### The problem
Pull every line that includes the word "False" from the data.

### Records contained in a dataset

BEGIN

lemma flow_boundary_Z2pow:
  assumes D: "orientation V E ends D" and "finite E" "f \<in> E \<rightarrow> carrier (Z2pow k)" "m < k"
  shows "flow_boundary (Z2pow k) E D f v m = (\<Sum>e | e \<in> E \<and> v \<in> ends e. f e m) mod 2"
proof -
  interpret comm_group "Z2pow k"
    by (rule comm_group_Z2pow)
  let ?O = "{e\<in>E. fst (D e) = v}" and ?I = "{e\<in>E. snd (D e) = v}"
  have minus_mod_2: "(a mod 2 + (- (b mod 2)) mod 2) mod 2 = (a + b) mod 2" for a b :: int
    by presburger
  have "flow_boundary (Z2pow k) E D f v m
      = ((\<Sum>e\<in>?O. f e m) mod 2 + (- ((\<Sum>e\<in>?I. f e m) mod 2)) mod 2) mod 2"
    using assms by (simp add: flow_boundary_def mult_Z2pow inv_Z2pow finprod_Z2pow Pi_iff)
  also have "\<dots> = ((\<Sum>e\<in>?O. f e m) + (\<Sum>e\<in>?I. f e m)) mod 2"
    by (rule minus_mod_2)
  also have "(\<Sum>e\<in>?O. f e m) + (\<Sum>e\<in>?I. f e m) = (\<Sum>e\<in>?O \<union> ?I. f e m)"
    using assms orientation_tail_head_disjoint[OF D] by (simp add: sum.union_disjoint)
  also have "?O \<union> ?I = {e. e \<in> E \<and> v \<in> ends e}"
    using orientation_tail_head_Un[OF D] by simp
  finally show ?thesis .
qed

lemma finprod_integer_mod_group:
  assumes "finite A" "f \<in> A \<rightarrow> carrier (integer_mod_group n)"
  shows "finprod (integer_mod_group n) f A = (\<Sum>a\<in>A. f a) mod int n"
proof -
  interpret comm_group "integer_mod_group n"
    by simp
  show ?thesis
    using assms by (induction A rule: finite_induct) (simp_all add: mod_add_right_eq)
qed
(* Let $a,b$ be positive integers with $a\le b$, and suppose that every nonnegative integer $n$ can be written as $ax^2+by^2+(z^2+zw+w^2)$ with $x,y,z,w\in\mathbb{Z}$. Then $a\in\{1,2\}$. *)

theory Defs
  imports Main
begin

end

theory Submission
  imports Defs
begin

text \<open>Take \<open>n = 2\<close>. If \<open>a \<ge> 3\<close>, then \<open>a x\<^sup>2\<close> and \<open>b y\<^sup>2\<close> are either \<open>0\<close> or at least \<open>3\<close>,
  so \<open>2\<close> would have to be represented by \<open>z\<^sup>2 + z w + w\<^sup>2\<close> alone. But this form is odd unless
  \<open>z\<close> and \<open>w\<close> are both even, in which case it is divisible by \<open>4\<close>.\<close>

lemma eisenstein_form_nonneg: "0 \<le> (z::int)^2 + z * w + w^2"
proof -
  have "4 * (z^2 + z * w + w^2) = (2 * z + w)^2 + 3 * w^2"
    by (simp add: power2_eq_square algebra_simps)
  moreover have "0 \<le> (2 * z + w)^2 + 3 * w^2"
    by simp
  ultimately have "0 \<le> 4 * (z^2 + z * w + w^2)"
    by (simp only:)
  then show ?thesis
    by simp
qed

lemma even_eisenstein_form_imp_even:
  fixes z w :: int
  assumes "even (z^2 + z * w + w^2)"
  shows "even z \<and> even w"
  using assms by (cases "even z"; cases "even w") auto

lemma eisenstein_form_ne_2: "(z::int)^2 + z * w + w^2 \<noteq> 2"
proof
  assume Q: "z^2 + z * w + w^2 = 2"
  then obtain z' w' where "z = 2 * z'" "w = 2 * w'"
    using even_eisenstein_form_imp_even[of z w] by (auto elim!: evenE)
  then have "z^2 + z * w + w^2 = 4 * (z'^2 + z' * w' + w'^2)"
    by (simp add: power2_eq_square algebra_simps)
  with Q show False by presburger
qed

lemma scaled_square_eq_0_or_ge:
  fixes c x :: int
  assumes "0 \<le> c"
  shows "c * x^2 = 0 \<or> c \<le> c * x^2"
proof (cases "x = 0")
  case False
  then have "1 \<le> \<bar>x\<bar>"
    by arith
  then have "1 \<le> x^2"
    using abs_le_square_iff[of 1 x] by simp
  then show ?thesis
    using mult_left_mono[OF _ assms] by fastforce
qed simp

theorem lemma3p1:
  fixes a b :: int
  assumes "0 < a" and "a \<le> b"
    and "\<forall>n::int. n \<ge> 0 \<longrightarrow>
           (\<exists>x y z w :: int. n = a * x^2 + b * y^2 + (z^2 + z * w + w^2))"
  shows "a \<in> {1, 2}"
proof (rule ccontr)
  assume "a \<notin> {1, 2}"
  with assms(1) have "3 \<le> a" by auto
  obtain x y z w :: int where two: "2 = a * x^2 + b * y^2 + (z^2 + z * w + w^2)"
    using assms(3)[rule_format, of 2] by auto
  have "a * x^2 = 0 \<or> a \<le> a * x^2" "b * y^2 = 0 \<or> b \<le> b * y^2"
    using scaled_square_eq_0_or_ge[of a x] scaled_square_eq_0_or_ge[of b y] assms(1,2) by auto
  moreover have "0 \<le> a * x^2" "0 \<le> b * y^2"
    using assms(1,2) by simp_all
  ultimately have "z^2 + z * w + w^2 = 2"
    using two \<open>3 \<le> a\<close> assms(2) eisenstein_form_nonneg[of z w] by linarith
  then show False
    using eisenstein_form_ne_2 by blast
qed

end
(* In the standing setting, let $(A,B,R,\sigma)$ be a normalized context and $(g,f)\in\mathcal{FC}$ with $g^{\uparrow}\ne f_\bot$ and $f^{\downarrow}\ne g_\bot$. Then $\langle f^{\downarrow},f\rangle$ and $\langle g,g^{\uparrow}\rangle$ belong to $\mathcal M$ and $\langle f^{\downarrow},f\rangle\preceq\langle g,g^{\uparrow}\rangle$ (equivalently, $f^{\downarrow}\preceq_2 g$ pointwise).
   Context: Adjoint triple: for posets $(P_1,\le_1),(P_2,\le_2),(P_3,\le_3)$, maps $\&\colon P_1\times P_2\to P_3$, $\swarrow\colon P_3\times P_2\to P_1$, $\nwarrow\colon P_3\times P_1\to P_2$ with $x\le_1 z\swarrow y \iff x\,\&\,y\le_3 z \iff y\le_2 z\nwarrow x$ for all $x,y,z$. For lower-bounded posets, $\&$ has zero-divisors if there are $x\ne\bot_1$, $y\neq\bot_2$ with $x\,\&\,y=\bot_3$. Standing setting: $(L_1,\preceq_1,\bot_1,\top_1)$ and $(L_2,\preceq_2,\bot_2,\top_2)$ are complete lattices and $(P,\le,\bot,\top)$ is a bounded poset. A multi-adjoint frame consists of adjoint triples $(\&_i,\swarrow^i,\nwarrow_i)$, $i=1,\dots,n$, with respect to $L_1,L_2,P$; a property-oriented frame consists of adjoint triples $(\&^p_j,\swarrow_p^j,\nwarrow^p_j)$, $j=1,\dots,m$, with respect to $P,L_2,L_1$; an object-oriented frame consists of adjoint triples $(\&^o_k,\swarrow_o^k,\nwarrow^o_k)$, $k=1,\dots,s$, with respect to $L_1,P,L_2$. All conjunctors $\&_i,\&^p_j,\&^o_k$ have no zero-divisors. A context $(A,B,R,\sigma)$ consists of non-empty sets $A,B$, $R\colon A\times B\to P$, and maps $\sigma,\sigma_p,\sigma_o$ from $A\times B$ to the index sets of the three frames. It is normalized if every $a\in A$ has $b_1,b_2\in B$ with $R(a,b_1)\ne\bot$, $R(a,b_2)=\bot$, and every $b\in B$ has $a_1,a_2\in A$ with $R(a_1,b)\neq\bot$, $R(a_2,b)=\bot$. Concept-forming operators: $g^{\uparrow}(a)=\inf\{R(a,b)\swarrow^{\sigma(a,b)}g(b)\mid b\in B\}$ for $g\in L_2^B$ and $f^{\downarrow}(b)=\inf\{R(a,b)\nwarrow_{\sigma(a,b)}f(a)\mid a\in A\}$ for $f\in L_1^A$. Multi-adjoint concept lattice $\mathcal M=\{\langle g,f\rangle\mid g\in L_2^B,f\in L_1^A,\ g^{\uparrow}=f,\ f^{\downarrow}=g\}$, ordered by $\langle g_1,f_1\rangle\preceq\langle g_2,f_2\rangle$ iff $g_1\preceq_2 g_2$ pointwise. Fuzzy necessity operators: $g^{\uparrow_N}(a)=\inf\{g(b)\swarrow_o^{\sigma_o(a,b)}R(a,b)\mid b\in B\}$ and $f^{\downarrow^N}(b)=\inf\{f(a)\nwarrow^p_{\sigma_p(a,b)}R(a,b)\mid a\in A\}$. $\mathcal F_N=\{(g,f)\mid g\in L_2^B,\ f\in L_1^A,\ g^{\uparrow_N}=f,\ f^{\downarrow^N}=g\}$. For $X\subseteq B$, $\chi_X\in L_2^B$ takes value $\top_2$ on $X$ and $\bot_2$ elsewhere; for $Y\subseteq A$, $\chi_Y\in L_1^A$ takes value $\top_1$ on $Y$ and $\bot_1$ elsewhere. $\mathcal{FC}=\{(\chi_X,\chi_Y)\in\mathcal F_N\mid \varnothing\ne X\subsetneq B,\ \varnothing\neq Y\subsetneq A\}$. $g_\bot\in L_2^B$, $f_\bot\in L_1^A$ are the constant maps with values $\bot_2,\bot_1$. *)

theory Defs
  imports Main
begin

END

### Solution for this exercise
  with Q show False by presburger
  case False
  then show False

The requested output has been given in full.